The structural changes (suggester, diagnostics, comparison tool) get committed once. The recurring work is enriching data/flows.csv with hand-curated synonym pairs PubChem doesn’t capture (LCA-specific phrasings, package-naming quirks). Run this loop per database/method pair you care about:

  1. Baseline the gap. Pick a representative activity that exists in both the trusted database (e.g. SimaPro / Agribalyse) and the database under test (e.g. BAFU):

    compare_impacts
    database_a=BAFU process_id_a=<bafu-pid> method_id_a=<EF3.1>
    database_b=Agribalyse process_id_b=<simapro-pid> method_id_b=<EF3.1>

    Record delta.relative_pct. That’s the metric you’re driving down.

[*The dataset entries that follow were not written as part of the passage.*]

lemma finite_segmentations: "finite (segmentations a b K)"
proof (rule finite_subset)
  show "segmentations a b K \<subseteq> {\<tau>. \<forall>x. (x \<in> {..K} \<longrightarrow> \<tau> x \<in> {..b}) \<and> (x \<notin> {..K} \<longrightarrow> \<tau> x = 0)}"
    using segmentations_le[of _ a b K _ K] by (auto simp: segmentations_def)
  show "finite {\<tau>. \<forall>x. (x \<in> {..K} \<longrightarrow> \<tau> x \<in> {..b}) \<and> (x \<notin> {..K} \<longrightarrow> \<tau> x = (0::nat))}"
    by (rule finite_set_of_finite_funs) auto
qed

definition segmentation_weight :: "(nat \<Rightarrow> nat \<Rightarrow> real) \<Rightarrow> nat \<Rightarrow> (nat \<Rightarrow> nat) \<Rightarrow> real" where
  "segmentation_weight B K \<tau> = (\<Prod>j\<in>{1..K}. B (\<tau> (j - 1)) (\<tau> j))"

lemma segmentation_weight_Suc:
  "segmentation_weight B (Suc K) \<tau> = segmentation_weight B K (\<tau>(Suc K := c)) * B (\<tau> K) (\<tau> (Suc K))"
proof -
  have "segmentation_weight B K (\<tau>(Suc K := c)) = segmentation_weight B K \<tau>"
    unfolding segmentation_weight_def by (rule prod.cong) auto
  then show ?thesis
    unfolding segmentation_weight_def by (simp add: prod.nat_ivl_Suc' mult.commute)
qed
lemma repr_add:
  assumes "repr N x X" "repr N y Y"
  shows "repr N (qp_add p x y) (\<lambda>n. X n + Y n)"
proof -
  obtain k f where x: "x = (k, f)" by (cases x)
  obtain l g where y: "y = (l, g)" by (cases y)
  have f: "f \<in> zp_carrier p" "k \<le> N" "seq_cong (\<lambda>n. p ^ (N - k) * f n) X"
    and g: "g \<in> zp_carrier p" "l \<le> N" "seq_cong (\<lambda>n. p ^ (N - l) * g n) Y"
    using assms x y by (auto simp: repr_def Qp_def)
  define K where "K = max k l"
  define h where "h = zp_add p (zp_mult p (zp_of_int p (p ^ (K - k))) f)
                    (zp_mult p (zp_of_int p (p ^ (K - l))) g)"
  have "h \<in> zp_carrier p"
    unfolding h_def by (intro zp_add_in_carrier zp_mult_in_carrier zp_of_int_in_carrier f g)
  then have "repr N (qp_add p x y) (\<lambda>n. p ^ (N - K) * h n)"
    using repr_qp_norm f(2) g(2) by (simp add: x y qp_add_def K_def h_def)
  moreover have "seq_cong (\<lambda>n. p ^ (N - K) * h n) (\<lambda>n. p ^ (N - k) * f n + p ^ (N - l) * g n)"
    unfolding seq_cong_def
  proof
    fix n
    have e: "N - k = (N - K) + (K - k)" "N - l = (N - K) + (K - l)"
      using f(2) g(2) K_def by auto
    have "[h n = p ^ (K - k) * f n + p ^ (K - l) * g n] (mod p ^ n)"
      by (simp add: h_def zp_add_def zp_mult_def zp_of_int_def cong_def mod_simps)
    then have "[p ^ (N - K) * h n = p ^ (N - K) * (p ^ (K - k) * f n + p ^ (K - l) * g n)] (mod p ^ n)"
      by (simp add: cong_mult cong_refl)
    then show "[p ^ (N - K) * h n = p ^ (N - k) * f n + p ^ (N - l) * g n] (mod p ^ n)"
      by (simp add: e power_add algebra_simps)
  qed
  ultimately show ?thesis
    using seq_cong_add[OF f(3) g(3)] by (blast intro: repr_seq_cong seq_cong_trans)
qed

lemma repr_of_int: "repr N (qp_of_int p a) (\<lambda>n. p ^ N * a)"
  using zp_of_int_in_carrier
  by (simp add: repr_def qp_of_int_def Qp_def seq_cong_def zp_of_int_def cong_def mod_simps)

lemma repr_of_int_0: "repr 0 (qp_of_int p a) (\<lambda>n. a)"
  using repr_of_int[of 0 a] by simp

lemma repr_zero: "repr N qp_zero (\<lambda>n. 0)"
  using zp_zero_in_carrier by (simp add: repr_def qp_zero_def Qp_def zp_zero_def)

lemma repr_eqI:
  assumes "repr N x X" "repr N y Y" "seq_cong X Y"
  shows "x = y"
proof -
  have main: "x = y" if "repr N x X" "repr N y X" "fst x \<le> fst y" for x y
  proof -
    obtain k f where x: "x = (k, f)" by (cases x)
    obtain l g where y: "y = (l, g)" by (cases y)
    have fg: "f \<in> zp_carrier p" "g \<in> zp_carrier p" "k \<le> l" "l \<le> N" "l = 0 \<or> g 1 \<noteq> 0"
      using that x y by (auto simp: repr_def Qp_def)
    have "seq_cong (\<lambda>n. p ^ (N - k) * f n) (\<lambda>n. p ^ (N - l) * g n)"
      using that x y unfolding repr_def by (auto intro: seq_cong_trans seq_cong_sym)
    moreover have "N - k = (N - l) + (l - k)" using fg by simp
    ultimately have "seq_cong (\<lambda>n. p ^ (N - l) * (p ^ (l - k) * f n)) (\<lambda>n. p ^ (N - l) * g n)"
      by (simp add: power_add mult.assoc)
    then have e: "seq_cong (\<lambda>n. p ^ (l - k) * f n) g"
      by (rule seq_cong_cancel_power[OF coherent_smult[OF zp_carrier_coherent[OF fg(1)]]
            zp_carrier_coherent[OF fg(2)]])
    show ?thesis
    proof (cases "k = l")
      case True
      then show ?thesis using e zp_carrier_eqI[OF fg(1,2)] x y by simp
    next
      case False
      then have "p dvd p ^ (l - k) * f 1" using fg(3) by (simp add: dvd_power)
      then have "p dvd g 1" using seq_cong_imp_cong_1[OF e] cong_dvd_iff by blast
      then show ?thesis using False fg zp_carrier_dvd_1_iff by auto
    qed
  qed
  have "repr N y X" using assms(2,3) seq_cong_sym repr_seq_cong by blast
  then show ?thesis
    using main[OF assms(1)] main[OF _ assms(1)] by (metis nle_le)
qed

lemma repr_exists: "x \<in> Qp p \<Longrightarrow> \<exists>X. repr (fst x) x X"
  using repr_self by blast

lemma repr_unit_nonzero:
  assumes "repr N x (\<lambda>n. p ^ i * S n)" "unit_seq S"
  shows "x \<noteq> qp_zero"
proof
  assume "x = qp_zero"
  then have "repr N qp_zero (\<lambda>n. p ^ i * S n)" using assms(1) by simp
  then have "seq_cong (\<lambda>n. p ^ i * S n) (\<lambda>n. p ^ i * 0)"
    using repr_unique[OF _ repr_zero] by simp
  then have "seq_cong S (\<lambda>n. 0)"
    using seq_cong_cancel_power assms(2) coherent_const unfolding unit_seq_def by blast
  then have "[S 1 = 0] (mod p)" using seq_cong_imp_cong_1 by fastforce
  then show False using assms(2) by (simp add: unit_seq_def cong_0_iff)
qed

lemma qp_nonzero_repr:
  assumes "x \<in> Qp p" "x \<noteq> qp_zero"
  shows "\<exists>i S. repr (fst x) x (\<lambda>n. p ^ i * S n) \<and> unit_seq S"
proof -
  obtain k f where x: "x = (k, f)" by (cases x)
  have f: "f \<in> zp_carrier p" "k = 0 \<or> f 1 \<noteq> 0" using assms(1) x by (auto simp: Qp_def)
  have "f \<noteq> zp_zero" using f(2) assms(2) x by (auto simp: qp_zero_def zp_zero_def)
  define v where "v = zp_val f"
  define S where "S = zp_shift p v f"
  have "unit_seq S"
    unfolding unit_seq_def S_def v_def
    using zp_carrier_coherent[OF zp_shift_in_carrier[OF f(1) order_refl]]
      zp_shift_val_unit[OF f(1) \<open>f \<noteq> zp_zero\<close>] by blast
  moreover have "seq_cong f (\<lambda>n. p ^ v * S n)"
    unfolding seq_cong_def
  proof
    fix n
    show "[f n = p ^ v * S n] (mod p ^ n)"
      using zp_carrier_le[OF f(1), of n "n + v"] zp_shift_mult[OF f(1), of v n]
      by (simp add: v_def S_def cong_def)
  qed
  ultimately show ?thesis
    using repr_seq_cong[OF repr_self[OF assms(1) order_refl]] x by auto
qed

lemma exists_repr_unit:
  assumes "unit_seq S"
  shows "\<exists>t. repr k t (\<lambda>n. p ^ j * S n)"
proof (cases "k \<le> j")
  case True
  define t where "t = (0::nat, reduce (\<lambda>n. p ^ (j - k) * S n))"
  have "t \<in> Qp p"
    using reduce_in_zp_carrier coherent_smult assms by (simp add: t_def Qp_def unit_seq_def)
  then have "repr k t (\<lambda>n. p ^ k * reduce (\<lambda>n. p ^ (j - k) * S n) n)"
    using repr_self[of t k] by (simp add: t_def)
  then have "repr k t (\<lambda>n. p ^ k * (p ^ (j - k) * S n))"
    using repr_seq_cong seq_cong_smult[OF seq_cong_reduce] by blast
  then have "repr k t (\<lambda>n. p ^ j * S n)"
    using True by (simp add: power_add[symmetric] mult.assoc[symmetric])
  then show ?thesis by blast
next
  case False
  define t where "t = (k - j, reduce S)"
  have "reduce S 1 \<noteq> 0"
    using assms by (simp add: reduce_def unit_seq_def dvd_eq_mod_eq_0)
  then have "t \<in> Qp p"
    using reduce_in_zp_carrier assms by (simp add: t_def Qp_def unit_seq_def)
  then have "repr k t (\<lambda>n. p ^ (k - (k - j)) * reduce S n)"
    using repr_self[of t k] by (simp add: t_def)
  then have "repr k t (\<lambda>n. p ^ (k - (k - j)) * S n)"
    using repr_seq_cong seq_cong_smult[OF seq_cong_reduce] by blast
  then have "repr k t (\<lambda>n. p ^ j * S n)" using False by simp
  then show ?thesis by blast
qed

lemma qp_mult_in_Qp:
  assumes "x \<in> Qp p" "y \<in> Qp p"
  shows "qp_mult p x y \<in> Qp p"
proof -
  obtain X where X: "repr (fst x) x X" using repr_exists assms(1) by blast
  obtain Y where Y: "repr (fst y) y Y" using repr_exists assms(2) by blast
  show ?thesis using repr_in_Qp[OF repr_mult[OF X Y]] .
qed

lemma qp_mult_assoc:
  assumes "x \<in> Qp p" "y \<in> Qp p" "z \<in> Qp p"
  shows "qp_mult p (qp_mult p x y) z = qp_mult p x (qp_mult p y z)"
proof -
  obtain X where X: "repr (fst x) x X" using repr_exists assms(1) by blast
  obtain Y where Y: "repr (fst y) y Y" using repr_exists assms(2) by blast
  obtain Z where Z: "repr (fst z) z Z" using repr_exists assms(3) by blast
  have "repr (fst x + fst y + fst z) (qp_mult p (qp_mult p x y) z) (\<lambda>n. X n * Y n * Z n)"
    "repr (fst x + fst y + fst z) (qp_mult p x (qp_mult p y z)) (\<lambda>n. X n * (Y n * Z n))"
    using repr_mult[OF repr_mult[OF X Y] Z] repr_mult[OF X repr_mult[OF Y Z]]
    by (simp_all add: add.assoc)
  then show ?thesis by (rule repr_eqI) (simp add: mult.assoc)
qed
lemma multilinear_form_bounded:
  fixes M :: "(nat \<Rightarrow> 'a::euclidean_space) \<Rightarrow> real"
  assumes ml: "multilinear_form k M"
  obtains C where "\<And>w. \<forall>i<k. norm (w i) \<le> 1 \<Longrightarrow> \<bar>M w\<bar> \<le> C"
proof -
  have "\<exists>C. \<forall>w. (\<forall>i<n. norm (w i) \<le> 1) \<and> (\<forall>i\<in>{n..<k}. w i \<in> Basis) \<longrightarrow> \<bar>M w\<bar> \<le> C" for n
  proof (induction n)
    case 0
    define S :: "(nat \<Rightarrow> 'a) set" where "S = {w. \<forall>i. (i \<in> {..<k} \<longrightarrow> w i \<in> insert 0 Basis) \<and> (i \<notin> {..<k} \<longrightarrow> w i = 0)}"
    have "finite S" unfolding S_def by (intro finite_set_of_finite_funs) auto
    have "\<bar>M w\<bar> \<le> (\<Sum>v\<in>S. \<bar>M v\<bar>)" if "\<forall>i\<in>{0..<k}. w i \<in> Basis" for w
    proof -
      have "M w = M (\<lambda>i. if i < k then w i else 0)" using ml unfolding multilinear_form_def by blast
      moreover have "(\<lambda>i. if i < k then w i else 0) \<in> S" unfolding S_def using that by auto
      ultimately show ?thesis using member_le_sum[of _ S "\<lambda>v. \<bar>M v\<bar>"] \<open>finite S\<close> by simp
    qed
    then show ?case by blast
  next
    case (Suc n)
    then obtain C where C: "\<And>w. \<forall>i<n. norm (w i) \<le> 1 \<Longrightarrow> \<forall>i\<in>{n..<k}. w i \<in> Basis \<Longrightarrow> \<bar>M w\<bar> \<le> C"
      by blast
    have "\<bar>M w\<bar> \<le> DIM('a) * C"
      if w: "\<forall>i<Suc n. norm (w i) \<le> 1" "\<forall>i\<in>{Suc n..<k}. w i \<in> Basis" for w
    proof (cases "n < k")
      case True
      have "\<bar>M (w(n := w n))\<bar> \<le> DIM('a) * C"
      proof (rule linear_abs_le_Basis_bound[where f = "\<lambda>x. M (w(n := x))"])
        show "linear (\<lambda>x. M (w(n := x)))" using ml True by (rule multilinear_form_linear)
        show "\<bar>M (w(n := b))\<bar> \<le> C" if "b \<in> Basis" for b
          using w that by (intro C) auto
        show "norm (w n) \<le> 1" using w by simp
      qed
      then show ?thesis by simp
    next
      case False
      then have "\<bar>M w\<bar> \<le> C" using w by (intro C) auto
      moreover have "C \<le> real DIM('a) * C"
        using mult_right_mono[of 1 "real DIM('a)" C] DIM_positive[where 'a = 'a] \<open>\<bar>M w\<bar> \<le> C\<close>
        by simp
      ultimately show ?thesis by linarith
    qed
    then show ?case by blast
  qed
  from this[of k] obtain C where "\<forall>w. (\<forall>i<k. norm (w i) \<le> 1) \<longrightarrow> \<bar>M w\<bar> \<le> C" by auto
  then show ?thesis using that by blast
qed

lemma abs_le_form_norm:
  fixes M :: "(nat \<Rightarrow> 'a::euclidean_space) \<Rightarrow> real"
  assumes "multilinear_form k M" "\<forall>i<k. norm (w i) \<le> 1"
  shows "\<bar>M w\<bar> \<le> form_norm k M"
proof -
  obtain C where "\<And>w. \<forall>i<k. norm (w i) \<le> 1 \<Longrightarrow> \<bar>M w\<bar> \<le> C"
    using multilinear_form_bounded[OF assms(1)] by blast
  then have "bdd_above {\<bar>M w\<bar> | w. \<forall>i<k. norm (w i) \<le> 1}" by (intro bdd_aboveI[where M = C]) auto
  then show ?thesis unfolding form_norm_def using assms(2) by (intro cSup_upper) auto
qed

lemma multilinear_form_eqI_unit:
  fixes M1 M2 :: "(nat \<Rightarrow> 'a::real_normed_vector) \<Rightarrow> real"
  assumes ml1: "multilinear_form k M1" and ml2: "multilinear_form k M2"
    and unit: "\<And>v. \<forall>i<k. norm (v i) = 1 \<Longrightarrow> M1 v = M2 v"
  shows "M1 = M2"
proof -
  have "\<forall>w. (\<forall>i<k. n \<le> i \<longrightarrow> norm (w i) = 1) \<longrightarrow> M1 w = M2 w" for n
  proof (induction n)
    case 0
    then show ?case using unit by simp
  next
    case (Suc n)
    have "M1 w = M2 w" if w: "\<forall>i<k. Suc n \<le> i \<longrightarrow> norm (w i) = 1" for w
    proof (cases "n < k")
      case False
      then show ?thesis using Suc.IH w by auto
    next
      case True
      have scale: "M w = norm (w n) * M (w(n := sgn (w n)))" if "multilinear_form k M" for M
      proof -
        have "w(n := norm (w n) *\<^sub>R sgn (w n)) = w"
          by (cases "w n = 0") (auto simp: sgn_div_norm fun_eq_iff)
        with linear_scale[OF multilinear_form_linear[OF that True, of w], of "norm (w n)" "sgn (w n)"]
        show ?thesis by simp
      qed
      show ?thesis
      proof (cases "w n = 0")
        case True
        then show ?thesis using scale[OF ml1] scale[OF ml2] by simp
      next
        case False
        have "\<forall>i<k. n \<le> i \<longrightarrow> norm ((w(n := sgn (w n))) i) = 1"
          using w False by (auto simp: norm_sgn)
        then have "M1 (w(n := sgn (w n))) = M2 (w(n := sgn (w n)))" using Suc.IH by blast
        then show ?thesis using scale[OF ml1] scale[OF ml2] by simp
      qed
    qed
    then show ?case by blast
  qed
  from this[of k] show ?thesis by auto
qed

lemma prod_remove2:
  fixes f :: "'a \<Rightarrow> 'b::comm_monoid_mult"
  assumes "finite A" "i \<in> A" "j \<in> A" "i \<noteq> j"
  shows "prod f A = f i * f j * prod f (A - {i, j})"
proof -
  have "prod f A = f i * prod f (A - {i})" using assms by (simp add: prod.remove)
  also have "prod f (A - {i}) = f j * prod f (A - {i} - {j})" using assms by (simp add: prod.remove)
  finally show ?thesis by (simp add: mult.assoc insert_commute set_diff_eq)
qed

lemma prod_fun_upd2:
  fixes f :: "'a \<Rightarrow> 'b::comm_monoid_mult"
  assumes "finite A" "i \<in> A" "j \<in> A" "i \<noteq> j" "u * v = f i * f j"
  shows "prod (f(i := u, j := v)) A = prod f A"
proof -
  have "prod (f(i := u, j := v)) (A - {i, j}) = prod f (A - {i, j})" by (intro prod.cong) auto
  then show ?thesis
    using assms prod_remove2[OF assms(1-4), of f] prod_remove2[OF assms(1-4), of "f(i := u, j := v)"]
    by simp
qed

lemma infinite_unit_circle: "infinite (sphere (0::complex) 1)"
proof
  assume "finite (sphere (0::complex) 1)"
  moreover have "connected (sphere (0::complex) 1)" by (rule connected_sphere) simp
  ultimately have "sphere (0::complex) 1 = {} \<or> (\<exists>c. sphere (0::complex) 1 = {c})"
    using connected_finite_iff_sing by blast
  moreover have "1 \<in> sphere (0::complex) 1" "-1 \<in> sphere (0::complex) 1" "(1::complex) \<noteq> -1"
    by simp_all
  ultimately show False by (metis empty_iff singletonD)
qed

lemma linear_complex_eq_inner:
  fixes f :: "complex \<Rightarrow> real"
  assumes "linear f"
  shows "f z = Complex (f 1) (f \<i>) \<bullet> z"
  using Linear_Algebra.linear_componentwise[OF assms, of z 1]
  by (simp add: Basis_complex_def inner_complex_def)

lemma inner_mult_unit:
  fixes r a b :: complex
  assumes "cmod r = 1"
  shows "(r * a) \<bullet> (r * b) = a \<bullet> b"
proof -
  have "(r * a) \<bullet> (r * b) = ((Re r)\<^sup>2 + (Im r)\<^sup>2) * (a \<bullet> b)"
    by (simp add: inner_complex_def algebra_simps power2_eq_square)
  also have "(Re r)\<^sup>2 + (Im r)\<^sup>2 = 1" using assms by (metis cmod_power2 one_power2)
  finally show ?thesis by simp
qed

lemma span_unit_pair_complex:
  fixes p q :: complex
  assumes "cmod p = 1" "cmod q = 1" "p \<noteq> q" "p \<noteq> - q"
  shows "span {p, q} = UNIV"
proof -
  have "p \<notin> span {q}"
  proof
    assume "p \<in> span {q}"
    then obtain t where "p = t *\<^sub>R q" by (auto simp: span_singleton)
    with assms have "\<bar>t\<bar> = 1" by simp
    with \<open>p = t *\<^sub>R q\<close> assms(3,4) show False by (auto simp: abs_if split: if_splits)
  qed
  moreover have "q \<noteq> 0" using assms(2) by auto
  ultimately have "independent {p, q}" by (simp add: independent_insertI)
  moreover have "card {p, q} = DIM(complex)" using assms(3) by simp
  ultimately show ?thesis using card_eq_dim[of "{p, q}" UNIV] by auto
qed

lemma linear_contraction_complex:
  fixes f :: "complex \<Rightarrow> real"
  assumes lin: "linear f" and contr: "\<And>z. cmod z \<le> 1 \<Longrightarrow> \<bar>f z\<bar> \<le> 1"
    and p: "cmod p = 1" "f p = 1"
  shows "f z = p \<bullet> z"
proof -
  define g where "g = Complex (f 1) (f \<i>)"
  have f_eq: "f z = g \<bullet> z" for z
    unfolding g_def by (rule linear_complex_eq_inner[OF lin])
  have "norm g \<le> 1"
  proof (cases "g = 0")
    case False
    have "norm g = f (sgn g)"
      using False by (simp add: f_eq sgn_div_norm dot_square_norm power2_eq_square)
    also have "\<dots> \<le> 1" using contr[of "sgn g"] False by (simp add: norm_sgn)
    finally show ?thesis .
  qed simp
  then have "(norm g)\<^sup>2 \<le> 1" by (simp add: power_le_one)
  moreover have "g \<bullet> p = 1" "(norm p)\<^sup>2 = 1" using p f_eq[of p] by simp_all
  ultimately have "(norm (g - p))\<^sup>2 \<le> 0" using dot_norm_neg[of g p] by argo
  then have "g = p" by simp
  then show ?thesis using f_eq by simp
qed

locale contractive_form =
  fixes k :: nat and N :: "(nat \<Rightarrow> complex) \<Rightarrow> real"
  assumes symmetric: "symmetric_form k N"
    and contractive: "\<And>w. \<forall>i<k. cmod (w i) \<le> 1 \<Longrightarrow> \<bar>N w\<bar> \<le> 1"
begin

lemma multilinear: "multilinear_form k N"
  using symmetric by (rule symmetric_form_multilinear)

definition norming :: "(nat \<Rightarrow> complex) \<Rightarrow> bool" where
  "norming y \<longleftrightarrow> (\<forall>i<k. cmod (y i) = 1) \<and> N y = 1"

lemma norming_slot:
  assumes y: "norming y" and i: "i < k"
  shows "N (y(i := u)) = y i \<bullet> u"
proof (rule linear_contraction_complex[where f = "\<lambda>u. N (y(i := u))"])
  show "linear (\<lambda>u. N (y(i := u)))" using multilinear i by (rule multilinear_form_linear)
  show "\<bar>N (y(i := z))\<bar> \<le> 1" if "cmod z \<le> 1" for z
    using y that by (intro contractive) (auto simp: norming_def)
  show "cmod (y i) = 1" "N (y(i := y i)) = 1" using y i by (auto simp: norming_def)
qed

lemma norming_two_slots:
  assumes y: "norming y" and ij: "i < k" "j < k" "i \<noteq> j" and span: "span {y i, y j} = UNIV"
  shows "N (y(i := u, j := v)) = (y i * y j) \<bullet> (u * v)"
proof -
  \<comment> \<open>The defect D is symmetric, linear in each argument, and vanishes against the
     spanning pair \<open>y i\<close>, \<open>y j\<close>.\<close>
  define D where "D u v = N (y(i := u, j := v)) - (y i * y j) \<bullet> (u * v)" for u v
  have lin: "linear (\<lambda>u. D u v)" for v
  proof -
    have "linear (\<lambda>u. N ((y(j := v))(i := u)))" using multilinear ij(1) by (rule multilinear_form_linear)
    moreover have "linear (\<lambda>u. (y i * y j) \<bullet> (u * v))"
      by (intro linearI) (simp_all add: distrib_right inner_add_right mult_scaleR_left)
    ultimately show ?thesis
      unfolding D_def using ij(3) by (simp add: fun_upd_twist linear_compose_sub)
  qed
  have unit: "cmod (y i) = 1" "cmod (y j) = 1" using y ij by (auto simp: norming_def)
  have "D (y i) v = 0" for v
  proof -
    have "N (y(i := y i, j := v)) = y j \<bullet> v" using norming_slot[OF y ij(2)] by simp
    then show ?thesis unfolding D_def using inner_mult_unit[OF unit(1)] by simp
  qed
  moreover have "D (y j) v = 0" for v
  proof -
    have "y(i := v, j := y j) = y(i := v)" using ij(3) by (auto simp: fun_eq_iff)
    then have "N (y(i := v, j := y j)) = y i \<bullet> v" using norming_slot[OF y ij(1)] by simp
    then have "D v (y j) = 0" unfolding D_def using inner_mult_unit[OF unit(2)] by (simp add: mult.commute)
    then show ?thesis
      unfolding D_def using symmetric_form_swap[OF symmetric ij] by (simp add: mult.commute)
  qed
  ultimately have "D u v = 0"
    using linear_eq_0_on_span[OF lin[of v], of "{y i, y j}" u] span by auto
  then show ?thesis unfolding D_def by simp
qed

lemma norming_exchange:
  assumes y: "norming y" and ij: "i < k" "j < k" "i \<noteq> j" and ne: "y i \<noteq> y j" "y i \<noteq> - y j"
    and uv: "cmod u = 1" "cmod v = 1" "u * v = y i * y j"
  shows "norming (y(i := u, j := v))"
proof -
  have "span {y i, y j} = UNIV"
    using y ij ne by (intro span_unit_pair_complex) (auto simp: norming_def)
  then have "N (y(i := u, j := v)) = (u * v) \<bullet> (u * v)"
    using norming_two_slots[OF y ij] uv(3) by simp
  also have "\<dots> = 1" using uv(1,2) by (simp add: dot_square_norm norm_mult)
  finally show ?thesis using y uv unfolding norming_def by auto
qed

lemma norming_move_slot:
  assumes z: "norming z" and abl: "a < k" "b < k" "l < k" "a \<noteq> b" "a \<noteq> l" "b \<noteq> l"
    and ne: "z a \<noteq> z b" "z a \<noteq> - z b" and t: "cmod t = 1"
  obtains z' where "norming z'" "z' a \<noteq> z' b" "z' a \<noteq> - z' b" "z' l = t"
    "\<And>i. i \<notin> {a, b, l} \<Longrightarrow> z' i = z i" "(\<Prod>i<k. z' i) = (\<Prod>i<k. z i)"
proof -
  have unit: "cmod (z i) = 1" if "i < k" for i using z that by (simp add: norming_def)
  define c where "c = z a * z b * t / z l"
  \<comment> \<open>The rotation u of slot a is chosen generic: it must avoid \<open>\<plusminus>z l\<close> for the second
     exchange and \<open>\<plusminus>\<surd>(\<plusminus>c)\<close> to keep slots a and b in general position.\<close>
  define B where "B = {z l, - z l, csqrt c, - csqrt c, csqrt (- c), - csqrt (- c)}"
  have "infinite (sphere 0 1 - B)"
    using infinite_unit_circle by (rule Diff_infinite_finite[rotated]) (simp add: B_def)
  then obtain u where "u \<in> sphere 0 1 - B" using infinite_imp_nonempty by blast
  then have u: "cmod u = 1" "u \<notin> B" by simp_all
  have [simp]: "u \<noteq> 0" "z l \<noteq> 0" "t \<noteq> 0" using u unit[OF abl(3)] t by auto
  define z1 where "z1 = z(a := u, b := z a * z b / u)"
  have z1: "norming z1" unfolding z1_def
    using abl ne u unit by (intro norming_exchange[OF z]) (auto simp: norm_mult norm_divide)
  have z1_al: "z1 a = u" "z1 l = z l" unfolding z1_def using abl by auto
  define z' where "z' = z1(a := u * z l / t, l := t)"
  have "norming z'" unfolding z'_def
    using abl u unit t z1_al by (intro norming_exchange[OF z1]) (auto simp: B_def norm_mult norm_divide)
  moreover have "z' a \<noteq> z' b" "z' a \<noteq> - z' b"
  proof -
    have z'_ab: "z' a = u * z l / t" "z' b = z a * z b / u" unfolding z'_def z1_def using abl by auto
    have "u * u \<noteq> s" if "s = c \<or> s = - c" for s
    proof
      assume "u * u = s"
      then have "u\<^sup>2 = (csqrt s)\<^sup>2" by (metis power2_csqrt power2_eq_square)
      then have "u = csqrt s \<or> u = - csqrt s" by (simp only: power2_eq_iff)
      then show False using u(2) that unfolding B_def by auto
    qed
    then have "u * u \<noteq> c" "u * u \<noteq> - c" by simp_all
    then show "z' a \<noteq> z' b" "z' a \<noteq> - z' b"
      unfolding z'_ab c_def by (simp_all add: divide_simps mult_ac)
  qed
  moreover have "z' l = t" "\<And>i. i \<notin> {a, b, l} \<Longrightarrow> z' i = z i" unfolding z'_def z1_def by auto
  moreover have "(\<Prod>i<k. z' i) = (\<Prod>i<k. z i)"
  proof -
    have "(\<Prod>i<k. z' i) = (\<Prod>i<k. z1 i)" unfolding z'_def using abl z1_al by (intro prod_fun_upd2) auto
    also have "\<dots> = (\<Prod>i<k. z i)" unfolding z1_def using abl by (intro prod_fun_upd2) auto
    finally show ?thesis .
  qed
  ultimately show ?thesis using that by blast
qed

  2. Audit the unmatched flows.

    get_flow_mapping
    database=BAFU
    method_id=<EF3.1>
    verbose=true
    process_id=<bafu-pid>

    The unmatched_db_flows list is ranked by inventory contribution, so the top entries are where your effort matters most.

  3. Confirm semantically. For each top entry, look at the candidates list. Open the BAFU flow and the suggested CF in their source files (XML, CSV) and verify they’re the same substance — same CAS, same compartment if specified, same chemistry. Don’t trust the score blindly: a high jaccard score on short names can mislead.

  4. Add a synonym pair. Append one row to data/flows.csv:

    "BAFU exact name","EF3.1 exact name"

    Commit each pair (or a small thematic batch — e.g. all radon isotopes) as its own commit:

    flows: link "<bafu name>" ↔ "<ef name>"

    Atomic commits keep git bisect and revert trivial when a pair turns out to be wrong.

  5. Verify the delta moved. Re-run step 1. The delta.relative_pct should shrink. If it didn’t, the synonym was wrong — revert.

  6. Stop when the residual delta.relative_pct is within an acceptable band (e.g. < 5% per impact category) or when loUncharacterized (via get_impacts include_diagnostics=true) contains only entries with similar_cfs == [] — those are genuine method gaps, not mapping bugs.

When to add a flows.csv pair vs regenerate chem_synonyms

Section titled “When to add a flows.csv pair vs regenerate chem_synonyms”
  • Use data/flows.csv for LCA-specific synonyms PubChem doesn’t have — packaging-naming variants, region-specific abbreviations, dataset authors’ personal phrasings.
  • Use scripts/build_chem_synonyms.py for chemical synonyms — formulas, IUPAC variants, common trade names. These belong in PubChem and the snapshot picks them up automatically.

The two lists are not redundant. flows.csv is small and hand-curated; chem_synonyms.csv is large and machine-generated. A pair that “feels chemical” probably belongs in PubChem; a pair that “feels process-specific” belongs in flows.csv.

Add to your TOML config (path resolved relative to the config file):

chem-synonyms = "data/chem_synonyms.csv"

Without that line, the snapshot is treated as empty and the suggester degrades to plain Jaccard — still useful, just blind to formula↔name pairs like CO2↔Carbon dioxide.

Today this procedure targets EF3.1 adapted — the SimaPro CSV export. The corresponding data/chem_synonyms.csv and data/flows.csv entries are scoped to that pair. The EF3.1 original (ILCD XMLs) is a distinct path with its own UUID-from-XML provenance and is not yet covered by this audit workflow.